Tengo dudas en este escrito que intento hacer.

"Nachmittags machen Ingrid und ihr Mann geimeinsam den Haushalt und spielen mit dem Kind, auch gehen sie....? de compras"

También dudo si se puede empezar por nachmittags sin poner nada delante.

Si alguien tiene otra manera de decir este párrafo, agradecería alguna otra corrección

Danke


----------



## jester.

Hola.

Sí, puedes emepzar un párrafo con "nachmittags", no hay que añadir nada delante.

Para la última parte de tu frase se podría decir: "auch gehen sie einkaufen"
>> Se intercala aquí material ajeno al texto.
definition periodic_visc_sol ::
  "bool \<Rightarrow> (real^'m \<Rightarrow> real^'n) \<Rightarrow> (real^'n \<Rightarrow> real) \<Rightarrow> (real^'n \<Rightarrow> real) \<Rightarrow> (real^'m) measure
   \<Rightarrow> real \<Rightarrow> (real^'n \<Rightarrow> real) \<Rightarrow> bool" where
  "periodic_visc_sol grad \<beta> a f q lam u \<longleftrightarrow>
     continuous_on UNIV u \<and> zperiodic u \<and>
     visc_sub grad \<beta> a f q lam u \<and> visc_super grad \<beta> a f q lam u"

definition msupport :: "(real^'m) measure \<Rightarrow> (real^'m) set" where
  "msupport q = {z. \<forall>e>0. emeasure q (ball z e) > 0}"

definition condB :: "(real^'m \<Rightarrow> real^'n) \<Rightarrow> (real^'m) measure \<Rightarrow> bool" where
  "condB \<beta> q \<longleftrightarrow>
    (\<forall>y \<in> torus. \<forall>y' \<in> torus. \<exists>ys. ys \<noteq> [] \<and> hd ys = y \<and> last ys = y' \<and>
       (\<forall>i. Suc i < length ys \<longrightarrow> (\<forall>e>0. \<exists>J. J \<in> sets q \<and> J \<subseteq> msupport q \<and>
           emeasure q J > 0 \<and>
           (\<forall>z\<in>J. \<exists>k. (\<forall>j. k $ j \<in> \<int>) \<and> dist (ys ! i + \<beta> z) (ys ! Suc i + k) < e))))"

end

theory Submission
  imports Defs
begin

text \<open>
  Write \<open>m = \<lambda> v\<^sub>\<lambda>\<close>. The sup bound is the maximum principle: at a global maximum of the
  periodic solution the nonlocal term is nonpositive, so \<open>m \<le> sup f\<^sub>0\<close>, and symmetrically at
  a minimum.

  For the Hoelder bound fix an increment \<open>h\<close> and maximise \<open>v(x) - v(x - w) - s |w - h|\<^sup>2\<close>
  over \<open>x, w\<close>; with \<open>s = sup |m| / (\<lambda> |h|\<^sup>2)\<close> the maximiser \<open>(x\<^sub>0, w\<^sub>0)\<close> satisfies
  \<open>|w\<^sub>0| \<le> 3|h|\<close>. Since the penalty does not depend on \<open>x\<close>, the paraboloids touching \<open>v\<close> from
  above at \<open>x\<^sub>0\<close> and from below at \<open>x\<^sub>0 - w\<^sub>0\<close> have the same gradient, and maximality in
  \<open>x\<close> orders the two nonlocal integrands pointwise. Dividing the sub- and supersolution
  inequalities by \<open>a\<close> and subtracting leaves only the oscillations of \<open>f\<^sub>0\<close> and \<open>a\<close> over a
  distance \<open>3|h|\<close>, which are Hoelder.
\<close>

lemma torus_representative:
  fixes y :: "real^'n"
  obtains k where "\<forall>i. k $ i \<in> \<int>" "y - k \<in> torus"
proof
  let ?k = "(\<chi> i. of_int \<lfloor>y $ i\<rfloor>) :: real^'n"
  show "\<forall>i. ?k $ i \<in> \<int>" by simp
  have "0 \<le> r - of_int \<lfloor>r\<rfloor> \<and> r - of_int \<lfloor>r\<rfloor> \<le> 1" for r :: real
    by linarith
  then show "y - ?k \<in> torus"
    unfolding torus_def mem_box_cart by (simp add: Cart_1[symmetric] one_index)
qed

lemma zero_in_torus: "(0::real^'n) \<in> torus"
  unfolding torus_def mem_box_cart by (simp add: Cart_1[symmetric] one_index)

lemma compact_torus: "compact (torus :: (real^'n) set)"
  unfolding torus_def by simp

lemma zperiodic_diff_lattice:
  assumes "zperiodic u" "\<forall>i. k $ i \<in> \<int>"
  shows "u (y - k) = u y"
  using assms unfolding zperiodic_def by (metis diff_add_cancel)

lemma zperiodic_attains_max:
  fixes u :: "real^'n \<Rightarrow> real"
  assumes "continuous_on UNIV u" "zperiodic u"
  obtains y0 where "\<And>y. u y \<le> u y0"
proof -
  have "continuous_on torus u" using assms(1) by (rule continuous_on_subset) simp
  then obtain y0 where y0: "\<forall>y\<in>torus. u y \<le> u y0"
    using continuous_attains_sup[OF compact_torus] zero_in_torus by blast
  have "u y \<le> u y0" for y
  proof -
    obtain k where k: "\<forall>i. k $ i \<in> \<int>" "y - k \<in> torus" by (rule torus_representative)
    then show ?thesis using y0 zperiodic_diff_lattice[OF assms(2) k(1), of y] by force
  qed
  then show thesis by (rule that)
qed

lemma zperiodic_hoelder_bounded:
  fixes f :: "real^'n \<Rightarrow> real"
  assumes "zperiodic f" "\<And>y y'. \<bar>f y - f y'\<bar> \<le> L * norm (y - y') powr \<theta>" "\<theta> \<ge> 0"
  obtains F where "\<And>y. \<bar>f y\<bar> \<le> F"
proof -
  obtain R where R: "\<forall>y\<in>(torus :: (real^'n) set). norm y \<le> R"
    using compact_imp_bounded[OF compact_torus] unfolding bounded_iff by blast
  have "\<bar>f y\<bar> \<le> \<bar>f 0\<bar> + \<bar>L\<bar> * R powr \<theta>" for y
  proof -
    obtain k where k: "\<forall>i. k $ i \<in> \<int>" "y - k \<in> torus" by (rule torus_representative)
    have "\<bar>f (y - k) - f 0\<bar> \<le> L * norm (y - k) powr \<theta>" using assms(2)[of "y - k" 0] by simp
    also have "\<dots> \<le> \<bar>L\<bar> * R powr \<theta>"
      by (intro mult_mono powr_mono2) (use R k assms(3) in auto)
    finally show ?thesis using zperiodic_diff_lattice[OF assms(1) k(1), of y] by linarith
  qed
  then show thesis by (rule that)
qed

lemma hoelder_constant_nonneg:
  fixes f :: "real^'n \<Rightarrow> real"
  assumes "\<And>y y'. \<bar>f y - f y'\<bar> \<le> L * norm (y - y') powr \<theta>"
  shows "L \<ge> 0"
proof -
  have "(1::real^'n) \<noteq> 0" by (metis one_index zero_index zero_neq_one)
  then have "norm (1::real^'n) powr \<theta> > 0" by simp
  moreover have "0 \<le> L * norm ((1::real^'n) - 0) powr \<theta>"
    using assms[of 1 0] by (meson abs_ge_zero order_trans)
  ultimately show ?thesis by (simp add: zero_le_mult_iff)
qed

lemma is_C2_const: "is_C2 (\<lambda>x::real^'n. c) (\<lambda>x. 0) (\<lambda>i x. 0)"
  unfolding is_C2_def by (auto intro!: derivative_eq_intros)

lemma is_C2_paraboloid:
  fixes b :: "real^'n"
  shows "is_C2 (\<lambda>x. c + s * (norm (x - b))\<^sup>2) (\<lambda>x. (2 * s) *\<^sub>R (x - b)) (\<lambda>i x. (2 * s) *\<^sub>R axis i 1)"
  unfolding is_C2_def
proof (intro conjI allI)
  fix x :: "real^'n"
  have "((\<lambda>x. x - b) has_derivative (\<lambda>v. v)) (at x)"
    by (auto intro!: derivative_eq_intros)
  from has_derivative_compose[OF this has_derivative_sqnorm_at[of "x - b"]]
  have "((\<lambda>x. (norm (x - b))\<^sup>2) has_derivative (\<lambda>v. 2 *\<^sub>R ((x - b) \<bullet> v))) (at x)"
    by simp
  then have "((\<lambda>x. c + s * (norm (x - b))\<^sup>2) has_derivative (\<lambda>v. 0 + s * (2 *\<^sub>R ((x - b) \<bullet> v)))) (at x)"
    by (intro has_derivative_add has_derivative_const has_derivative_mult_right)
  then show "((\<lambda>x. c + s * (norm (x - b))\<^sup>2) has_derivative (\<lambda>v. (2 * s) *\<^sub>R (x - b) \<bullet> v)) (at x)"
    by (simp add: algebra_simps)
next
  fix x :: "real^'n" and i
  have "((\<lambda>v. (2 * s) * (axis i (1::real) \<bullet> v) - (2 * s) * b $ i)
          has_derivative (\<lambda>v. (2 * s) * (axis i 1 \<bullet> v) - 0)) (at x)"
    by (intro has_derivative_diff has_derivative_const has_derivative_mult_right
        bounded_linear_imp_has_derivative[OF bounded_linear_inner_right])
  then show "((\<lambda>x. ((2 * s) *\<^sub>R (x - b)) $ i) has_derivative (\<lambda>v. (2 * s) *\<^sub>R axis i 1 \<bullet> v)) (at x)"
    by (simp add: inner_axis' algebra_simps)
qed simp

lemma visc_subD:
  assumes "visc_sub grad \<beta> a f q lam u" "is_C2 \<phi> g h"
    "\<And>y. u y - \<phi> y \<le> u yh - \<phi> yh" "u yh = \<phi> yh"
  shows "integrable q (nl_integrand grad \<beta> u (g yh) yh)"
    "lam * u yh - a yh * (\<integral>z. nl_integrand grad \<beta> u (g yh) yh z \<partial>q) - f yh \<le> 0"
  using assms unfolding visc_sub_def by blast+

lemma visc_superD:
  assumes "visc_super grad \<beta> a f q lam u" "is_C2 \<phi> g h"
    "\<And>y. u y - \<phi> y \<ge> u yh - \<phi> yh" "u yh = \<phi> yh"
  shows "integrable q (nl_integrand grad \<beta> u (g yh) yh)"
    "lam * u yh - a yh * (\<integral>z. nl_integrand grad \<beta> u (g yh) yh z \<partial>q) - f yh \<ge> 0"
  using assms unfolding visc_super_def by blast+

lemma visc_sub_at_max:
  assumes "visc_sub grad \<beta> a f q lam u" "a y0 \<ge> 0" "\<And>y. u y \<le> u y0"
  shows "lam * u y0 \<le> f y0"
proof -
  have "lam * u y0 - a y0 * (\<integral>z. nl_integrand grad \<beta> u 0 y0 z \<partial>q) - f y0 \<le> 0"
    using visc_subD(2)[OF assms(1) is_C2_const[of "u y0"]] assms(3) by simp
  moreover have "0 \<le> (\<integral>z. - nl_integrand grad \<beta> u 0 y0 z \<partial>q)"
    by (rule Bochner_Integration.integral_nonneg) (use assms(3) in \<open>simp add: nl_integrand_def\<close>)
  then have "a y0 * (\<integral>z. nl_integrand grad \<beta> u 0 y0 z \<partial>q) \<le> 0"
    using assms(2) by (simp add: mult_nonneg_nonpos)
  ultimately show ?thesis by linarith
qed

lemma visc_super_at_min:
  assumes "visc_super grad \<beta> a f q lam u" "a y0 \<ge> 0" "\<And>y. u y0 \<le> u y"
  shows "f y0 \<le> lam * u y0"
proof -
  have "lam * u y0 - a y0 * (\<integral>z. nl_integrand grad \<beta> u 0 y0 z \<partial>q) - f y0 \<ge> 0"
    using visc_superD(2)[OF assms(1) is_C2_const[of "u y0"]] assms(3) by simp
  moreover have "0 \<le> (\<integral>z. nl_integrand grad \<beta> u 0 y0 z \<partial>q)"
    by (rule Bochner_Integration.integral_nonneg) (use assms(3) in \<open>simp add: nl_integrand_def\<close>)
  then have "a y0 * (\<integral>z. nl_integrand grad \<beta> u 0 y0 z \<partial>q) \<ge> 0"
    using assms(2) by simp
  ultimately show ?thesis by linarith
qed

lemma periodic_visc_sol_bounded:
  fixes u :: "real^'n \<Rightarrow> real"
  assumes sol: "periodic_visc_sol grad \<beta> a f q lam u"
    and "\<And>y. a y \<ge> 0" "\<And>y. \<bar>f y\<bar> \<le> F" "lam > 0"
  shows "\<bar>lam * u y\<bar> \<le> F"
proof -
  have cont: "continuous_on UNIV u" "continuous_on UNIV (\<lambda>x. - u x)"
    and per: "zperiodic u" "zperiodic (\<lambda>x. - u x)"
    using sol by (auto simp: periodic_visc_sol_def zperiodic_def intro: continuous_intros)
  obtain y1 where y1: "\<And>y. u y \<le> u y1" using zperiodic_attains_max[OF cont(1) per(1)] by blast
  obtain y0 where y0: "\<And>y. u y0 \<le> u y" using zperiodic_attains_max[OF cont(2) per(2)] by auto
  have "lam * u y \<le> lam * u y1" "lam * u y0 \<le> lam * u y"
    using y0 y1 \<open>lam > 0\<close> by (simp_all add: mult_left_mono)
  moreover have "lam * u y1 \<le> f y1" "f y0 \<le> lam * u y0"
    using sol y0 y1 assms(2) by (auto simp: periodic_visc_sol_def
        intro: visc_sub_at_max visc_super_at_min)
  ultimately show ?thesis using assms(3)[of y0] assms(3)[of y1] by (simp add: abs_le_iff)
qed

definition penalized_increment ::
  "(real^'n \<Rightarrow> real) \<Rightarrow> real \<Rightarrow> real^'n \<Rightarrow> real^'n \<Rightarrow> real^'n \<Rightarrow> real" where
  "penalized_increment u s h x w = u x - u (x - w) - s * (norm (w - h))\<^sup>2"

lemma penalized_increment_attains_max:
  fixes u :: "real^'n \<Rightarrow> real"
  assumes cont: "continuous_on UNIV u" and per: "zperiodic u" and bd: "\<And>y. \<bar>u y\<bar> \<le> B"
    and "s \<ge> 0" "B \<le> s * (norm h)\<^sup>2"
  obtains x0 w0 where "\<And>x w. penalized_increment u s h x w \<le> penalized_increment u s h x0 w0"
    "norm (w0 - h) \<le> 2 * norm h"
proof -
  let ?G = "\<lambda>p. penalized_increment u s h (fst p) (snd p)"
  define S where "S = (torus :: (real^'n) set) \<times> cball h (2 * norm h)"
  have S0: "(0, h) \<in> S" unfolding S_def using zero_in_torus by simp
  have "compact S" unfolding S_def using compact_torus by (intro compact_Times) auto
  moreover have "continuous_on S ?G"
    unfolding penalized_increment_def by (intro continuous_intros continuous_on_compose2[OF cont]) auto
  ultimately obtain p where pS: "p \<in> S" and pmax: "\<forall>p'\<in>S. ?G p' \<le> ?G p"
    using continuous_attains_sup S0 by blast
  have "?G (x, w) \<le> ?G p" for x w
  proof (cases "norm (w - h) \<le> 2 * norm h")
    case True
    obtain k where k: "\<forall>i. k $ i \<in> \<int>" "x - k \<in> torus" by (rule torus_representative)
    have "?G (x, w) = ?G (x - k, w)"
      using zperiodic_diff_lattice[OF per k(1), of x] zperiodic_diff_lattice[OF per k(1), of "x - w"]
      by (simp add: penalized_increment_def algebra_simps)
    moreover have "(x - k, w) \<in> S"
      unfolding S_def using k True by (simp add: dist_norm norm_minus_commute)
    ultimately show ?thesis using pmax by force
  next
    case False
    then have "s * (2 * norm h)\<^sup>2 \<le> s * (norm (w - h))\<^sup>2"
      using \<open>s \<ge> 0\<close> by (intro mult_left_mono power_mono) auto
    then have "?G (x, w) \<le> ?G (0, h)"
      using bd[of x] bd[of "x - w"] bd[of 0] bd[of "-h"] \<open>B \<le> s * (norm h)\<^sup>2\<close>
      by (simp add: penalized_increment_def abs_le_iff power_mult_distrib)
    then show ?thesis using pmax S0 by force
  qed
  moreover have "norm (snd p - h) \<le> 2 * norm h"
    using pS by (auto simp: S_def dist_norm norm_minus_commute)
  ultimately show thesis using that[of "fst p" "snd p"] by simp
qed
Pero hay que cambiar una cosita: Creo que también en castellano se consideraría mal estilo comenzar una frase o una parte de una frase por "también". Lo mismo vale en alemán. Es preferible que empieces por "außerdem" = "además". Igualmente podrías utilizar un adverbo como "danach", "später" = "después", "más tarde".


----------



## ANTÍA

Entiendo y tus consejos me ayudan para escribir. Gracias.
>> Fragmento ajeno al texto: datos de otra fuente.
lemma map_tens_comp:
  "fsupp p \<Longrightarrow> map_tens f g (map_tens f' g' p) = map_tens (f \<circ> f') (g \<circ> g') p"
  by (simp add: fsum_map_tens map_tens_def[of f g] map_tens_def[of "f \<circ> f'"] case_prod_unfold)

lemma map_tens_id: "fsupp p \<Longrightarrow> map_tens id id p = p"
  unfolding map_tens_def by (simp add: fsum_gen_id[unfolded case_prod_eta] case_prod_Pair_iden)

lemma tens_ract_eq_map_tens: "tens_ract ra p a = map_tens id (\<lambda>y. ra y a) p"
  by (simp add: tens_ract_def map_tens_def)

lemma map_tens_tens_rel:
  assumes "bimod_map laM raM laM' raM' f" and "bimod_map laN raN laN' raN' g"
  shows "p \<in> tens_rel raM laN \<Longrightarrow> map_tens f g p \<in> tens_rel raM' laN'"
proof (induction rule: tens_rel.induct)
  case tr_zero
  then show ?case by (simp add: map_tens_def zero_fun_def[symmetric] tens_rel.tr_zero)
next
  case (tr_diff p q)
  then show ?case
    using map_tens_diff[OF tens_rel_fsupp tens_rel_fsupp, OF tr_diff.hyps, of f g]
      tens_rel.tr_diff[OF tr_diff.IH]
    by (simp add: fun_diff_def)
next
  case (tr_addl x x' y)
  then show ?case using assms tens_rel.tr_addl[of "f x" "f x'" "g y" raM' laN']
    by (simp add: fsum_diff_eta fsupp_diff_eta map_tens_def bimod_map_def fun_diff_def)
next
  case (tr_addr x y y')
  then show ?case using assms tens_rel.tr_addr[of "f x" "g y" "g y'" raM' laN']
    by (simp add: fsum_diff_eta fsupp_diff_eta map_tens_def bimod_map_def fun_diff_def)
next
  case (tr_bal x a y)
  then show ?case using assms tens_rel.tr_bal[of raM' "f x" a "g y" laN']
    by (simp add: fsum_diff_eta fsupp_diff_eta map_tens_def bimod_map_def fun_diff_def)
qed

lemma tens_balanced_ract_hom:
  assumes "bimodule la ra" and "bimod_map laN raN (*) (*) h"
  shows "tens_balanced ra laN (\<lambda>(x, y). ra x (h y))"
  using assms by (simp add: tens_balanced_def bimodule_def bimod_map_def)

lemma is_coring_bimodule: "is_coring C \<Longrightarrow> bimodule (lact C) (ract C)"
  by (simp add: is_coring_def)

lemma is_coring_fsupp_comul: "is_coring C \<Longrightarrow> fsupp (comul C c)"
  by (simp add: is_coring_def)

lemma tens_balanced_coring_hom:
  "is_coring C \<Longrightarrow> h \<in> hom_AA C \<Longrightarrow> tens_balanced (ract C) (lact C) (\<lambda>(x, y). ract C x (h y))"
  using tens_balanced_ract_hom[OF is_coring_bimodule, of C "lact C" "ract C" h] by (simp add: hom_AA_def)

definition coring_dual_ract :: "('a::ring_1, 'c::ab_group_add) coring \<Rightarrow> ('c \<Rightarrow> 'a) \<Rightarrow> 'c \<Rightarrow> 'c" where
  "coring_dual_ract C h c = fsum (comul C c) (\<lambda>(x, y). ract C x (h y))"

lemma coring_dual_ract_counit: "is_coring C \<Longrightarrow> coring_dual_ract C (counit C) c = c"
  by (simp add: coring_dual_ract_def is_coring_def)

lemma additive_coring_dual_ract:
  assumes "is_coring C" and "h \<in> hom_AA C"
  shows "additive (coring_dual_ract C h)"
proof
  fix x y
  have "fsum (comul C (x + y) - comul C x - comul C y) (\<lambda>(u, v). ract C u (h v)) = 0"
    using assms(1) by (intro fsum_tens_rel[OF _ tens_balanced_coring_hom[OF assms]]) (simp add: is_coring_def)
  then have "coring_dual_ract C h (x + y) - coring_dual_ract C h x - coring_dual_ract C h y = 0"
    using is_coring_fsupp_comul[OF assms(1)] by (simp add: coring_dual_ract_def fsum_diff fsupp_diff)
  then show "coring_dual_ract C h (x + y) = coring_dual_ract C h x + coring_dual_ract C h y"
    by (simp add: diff_diff_eq)
qed

lemma coring_dual_ract_ract:
  assumes C: "is_coring C" and h: "h \<in> hom_AA C"
  shows "coring_dual_ract C h (ract C x a) = ract C (coring_dual_ract C h x) a"
proof -
  have bm: "bimodule (lact C) (ract C)" and fs: "\<And>c. fsupp (comul C c)"
    using C by (simp_all add: is_coring_bimodule is_coring_fsupp_comul)
  have hbm: "bimod_map (lact C) (ract C) (*) (*) h"
    using h by (simp add: hom_AA_def)
  have "comul C (ract C x a) - map_tens id (\<lambda>y. ract C y a) (comul C x) \<in> tens_rel (ract C) (lact C)"
    using C by (simp add: is_coring_def tens_ract_eq_map_tens)
  then have "coring_dual_ract C h (ract C x a)
      = fsum (map_tens id (\<lambda>y. ract C y a) (comul C x)) (\<lambda>(u, v). ract C u (h v))"
    unfolding coring_dual_ract_def
    by (rule fsum_eq_if_tens_rel) (simp_all add: fs fsupp_map_tens tens_balanced_coring_hom C h)
  also have "\<dots> = fsum (comul C x) (\<lambda>z. ract C ((\<lambda>(u, v). ract C u (h v)) z) a)"
    using bm hbm by (simp add: fsum_map_tens fs bimodule_def bimod_map_def case_prod_unfold)
  also have "\<dots> = ract C (coring_dual_ract C h x) a"
    unfolding coring_dual_ract_def
    by (rule additive_fsum_commute[symmetric]) (use bm in \<open>simp add: additive_def bimodule_def\<close>)
  finally show ?thesis .
qed

lemma coring_dual_ract_conv:
  assumes C: "is_coring C" and h: "h \<in> hom_AA C" and g: "g \<in> hom_AA C"
  shows "coring_dual_ract C h (coring_dual_ract C g c) = coring_dual_ract C (conv C h g) c"
proof -
  have bm: "bimodule (lact C) (ract C)" and fs: "\<And>c. fsupp (comul C c)"
    using C by (simp_all add: is_coring_bimodule is_coring_fsupp_comul)
  have ract_additive: "additive (\<lambda>z. ract C z a)" "additive (ract C x)" for x a
    using bm by (simp_all add: additive_def bimodule_def)
  let ?H = "\<lambda>(u, v, w). ract C (ract C u (h v)) (g w)"
  have bal: "tens3_balanced (ract C) (lact C) ?H"
    using h g bm by (simp add: tens3_balanced_def hom_AA_def bimod_map_def bimodule_def mult.assoc)
  have "coring_dual_ract C h (coring_dual_ract C g c)
      = fsum (comul C c) (\<lambda>(x, y). ract C (coring_dual_ract C h x) (g y))"
    unfolding coring_dual_ract_def[of C g]
    by (simp add: additive_fsum_commute[OF additive_coring_dual_ract[OF C h]]
        coring_dual_ract_ract[OF C h] case_prod_unfold)
  also have "\<dots> = fsum (comul C c) (\<lambda>(x, y). fsum (comul C x) (\<lambda>(u, v). ?H (u, v, y)))"
    unfolding coring_dual_ract_def
    by (simp add: additive_fsum_commute[OF ract_additive(1)] case_prod_unfold)
  also have "\<dots> = fsum (fsum (comul C c) (\<lambda>(x, y). fsum (comul C x) (\<lambda>(u, v). gen (u, v, y)))) ?H"
    by (simp add: fsum_fsum fsupp_fsum fs case_prod_unfold)
  also have "\<dots> = fsum (fsum (comul C c) (\<lambda>(x, y). fsum (comul C y) (\<lambda>(u, v). gen (x, u, v)))) ?H"
    using C bal by (intro fsum_eq_if_tens3_rel) (simp_all add: is_coring_def fsupp_fsum fs case_prod_unfold)
  also have "\<dots> = fsum (comul C c) (\<lambda>(x, y). fsum (comul C y) (\<lambda>(u, v). ract C x (h u * g v)))"
    using bm by (simp add: fsum_fsum fsupp_fsum fs bimodule_def case_prod_unfold)
  also have "\<dots> = coring_dual_ract C (conv C h g) c"
    unfolding coring_dual_ract_def conv_def
    by (simp add: additive_fsum_commute[OF ract_additive(2)] case_prod_unfold)
  finally show ?thesis .
qed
Pero sigo con una duda: el verbo "gehen" puede llevar otro verbo en infinitivo sin el zu?


----------



## jester.

ANTÍA said:


> Pero sigo con una duda: el verbo "gehen" puede llevar otro verbo en infinitivo sin el zu?



Creo que casi siempre va sin "zu".

Mira, te lo explico: Puedes combinar "gehen" con muchos verbos, por ejemplo "einkaufen gehen", "schwimmen gehen" o "Sport machen gehen".

Utilizas "gehen" y la preposición "zu" si quieres indicar un cierto lugar al que vas, por ejemplo "zur Schule gehen", "zur Arbeit gehen" (aunque se podría decir también "arbeiten gehen").

Espero que ahora lo tengas más claro


----------



## Aurin

No se usa “zu” para unir dos verbos cuando se trata de verbos modales y algunos otros verbos como por ejemplo: sehen, hören, fühlen, spüren, gehen, fahren, kommen, lassen, schicken, bleiben


----------



## ANTÍA

Otra vez gracias.
Tengo mucha gramática en la cabeza y poca práctica, muy poca. Por esa razón hago preguntas gramaticales. Sé que hay verbos que para llevar un infinitivo al final tienen que acompañarse con la partícula zu. 

Pero por lo que dices el verbo "gehen" puede combinarse con otros verbos. O en si son otros verbos. Ir a nadar, ir a pasear, ir a comprar...

Danke, jetzt  verstehe ich


----------